* _What is expected_
Output every record below exactly as it appears.

Data extracts Block Start

theorem mainTheorem8:
  fixes n1 n2 :: nat and a b :: real
  assumes "n1 > 0" and "n2 > 0" and "0 < a" and "a < 1" and "b > 0"
  shows "\<exists>\<xi> :: nat \<Rightarrow> (nat \<Rightarrow> real) \<Rightarrow> real.
     (\<forall>p. \<xi> p \<in> borel_measurable (npeb_space p)) \<and>
     (\<forall>\<epsilon>>0. (\<lambda>p. measure (npeb_space p) {\<omega> \<in> space (npeb_space p). \<bar>\<xi> p \<omega>\<bar> > \<epsilon>})
                 \<longlonglongrightarrow> 0) \<and>
     (\<lambda>p. measure (npeb_space p)
            {\<omega> \<in> space (npeb_space p).
               npeb_inner n1 n2 a b p \<omega> \<ge> real p powr (a + 2 * b) * (1 + \<xi> p \<omega>)})
       \<longlonglongrightarrow> 1"
proof -
  define an where "an = npeb_an n1 n2"
  have "0 < an" unfolding an_def using assms by (intro npeb_an_pos)
  define K where "K = 1 + 2 / an\<^sup>2"
  have K: "1 \<le> K" "2 \<le> an\<^sup>2 * K\<^sup>2"
    using \<open>0 < an\<close> unfolding K_def by (auto simp: field_simps power2_eq_square)
  define S where "S p \<omega> = (\<Sum>i\<in>{1..npeb_p1 a p}. \<bar>\<omega> i\<bar>)" for p and \<omega> :: "nat \<Rightarrow> real"
  have p1_le: "npeb_p1 a p \<le> p" for p using \<open>a < 1\<close> by (intro npeb_p1_le) simp
  have "eventually (\<lambda>p. 2 \<le> an\<^sup>2 * ln (real p)) sequentially"
    using \<open>0 < an\<close> by real_asymp
  then have lower: "eventually (\<lambda>p. \<forall>\<omega>. real (npeb_p1 a p) * npeb_Delta b p
      * (npeb_Delta b p - (K + exp (K\<^sup>2)) * ln (real p)) - npeb_Delta b p / an * S p \<omega>
      \<le> npeb_inner n1 n2 a b p \<omega>) sequentially"
    by eventually_elim (use npeb_inner_ge \<open>0 < an\<close> \<open>a < 1\<close> K in \<open>auto simp: an_def S_def\<close>)
  have int: "integrable (npeb_space p) (\<lambda>\<omega>. npeb_Delta b p / an * S p \<omega>)" for p
    unfolding S_def using integrable_npeb_abs_sum[OF p1_le] by (rule integrable_mult_right)
  have "(\<lambda>p. sqrt (2 / pi) / an * (real (npeb_p1 a p) * npeb_Delta b p / real p powr (a + 2 * b)))
      \<longlonglongrightarrow> 0"
    using npeb_noise_scale_tendsto[OF \<open>0 < a\<close> \<open>0 < b\<close>] by (rule tendsto_mult_right_zero)
  then have noise: "(\<lambda>p. (\<integral>\<omega>. npeb_Delta b p / an * S p \<omega> \<partial>npeb_space p) / real p powr (a + 2 * b))
      \<longlonglongrightarrow> 0"
    unfolding S_def integral_mult_right_zero integral_npeb_abs_sum[OF p1_le] by (simp add: ac_simps)
  show ?thesis
    by (rule ex_relative_lower_bound_in_probability[OF prob_space_npeb_space int _ _ _ lower
          npeb_signal_tendsto[OF \<open>0 < a\<close> \<open>0 < b\<close>] noise])
       (use \<open>0 < an\<close> in \<open>auto simp: S_def npeb_Delta_def sum_nonneg eventually_gt_at_top\<close>)
qed

end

Data extracts Block End

* _Written solution_
theorem mainTheorem8:
  fixes n1 n2 :: nat and a b :: real
  assumes "n1 > 0" and "n2 > 0" and "0 < a" and "a < 1" and "b > 0"
  shows "\<exists>\<xi> :: nat \<Rightarrow> (nat \<Rightarrow> real) \<Rightarrow> real.
     (\<forall>p. \<xi> p \<in> borel_measurable (npeb_space p)) \<and>
     (\<forall>\<epsilon>>0. (\<lambda>p. measure (npeb_space p) {\<omega> \<in> space (npeb_space p). \<bar>\<xi> p \<omega>\<bar> > \<epsilon>})
                 \<longlonglongrightarrow> 0) \<and>
     (\<lambda>p. measure (npeb_space p)
            {\<omega> \<in> space (npeb_space p).
               npeb_inner n1 n2 a b p \<omega> \<ge> real p powr (a + 2 * b) * (1 + \<xi> p \<omega>)})
       \<longlonglongrightarrow> 1"
proof -
  define an where "an = npeb_an n1 n2"
  have "0 < an" unfolding an_def using assms by (intro npeb_an_pos)
  define K where "K = 1 + 2 / an\<^sup>2"
  have K: "1 \<le> K" "2 \<le> an\<^sup>2 * K\<^sup>2"
    using \<open>0 < an\<close> unfolding K_def by (auto simp: field_simps power2_eq_square)
  define S where "S p \<omega> = (\<Sum>i\<in>{1..npeb_p1 a p}. \<bar>\<omega> i\<bar>)" for p and \<omega> :: "nat \<Rightarrow> real"
  have p1_le: "npeb_p1 a p \<le> p" for p using \<open>a < 1\<close> by (intro npeb_p1_le) simp
  have "eventually (\<lambda>p. 2 \<le> an\<^sup>2 * ln (real p)) sequentially"
    using \<open>0 < an\<close> by real_asymp
  then have lower: "eventually (\<lambda>p. \<forall>\<omega>. real (npeb_p1 a p) * npeb_Delta b p
      * (npeb_Delta b p - (K + exp (K\<^sup>2)) * ln (real p)) - npeb_Delta b p / an * S p \<omega>
      \<le> npeb_inner n1 n2 a b p \<omega>) sequentially"
    by eventually_elim (use npeb_inner_ge \<open>0 < an\<close> \<open>a < 1\<close> K in \<open>auto simp: an_def S_def\<close>)
  have int: "integrable (npeb_space p) (\<lambda>\<omega>. npeb_Delta b p / an * S p \<omega>)" for p
    unfolding S_def using integrable_npeb_abs_sum[OF p1_le] by (rule integrable_mult_right)
  have "(\<lambda>p. sqrt (2 / pi) / an * (real (npeb_p1 a p) * npeb_Delta b p / real p powr (a + 2 * b)))
      \<longlonglongrightarrow> 0"
    using npeb_noise_scale_tendsto[OF \<open>0 < a\<close> \<open>0 < b\<close>] by (rule tendsto_mult_right_zero)
  then have noise: "(\<lambda>p. (\<integral>\<omega>. npeb_Delta b p / an * S p \<omega> \<partial>npeb_space p) / real p powr (a + 2 * b))
      \<longlonglongrightarrow> 0"
    unfolding S_def integral_mult_right_zero integral_npeb_abs_sum[OF p1_le] by (simp add: ac_simps)
  show ?thesis
    by (rule ex_relative_lower_bound_in_probability[OF prob_space_npeb_space int _ _ _ lower
          npeb_signal_tendsto[OF \<open>0 < a\<close> \<open>0 < b\<close>] noise])
       (use \<open>0 < an\<close> in \<open>auto simp: S_def npeb_Delta_def sum_nonneg eventually_gt_at_top\<close>)
qed

end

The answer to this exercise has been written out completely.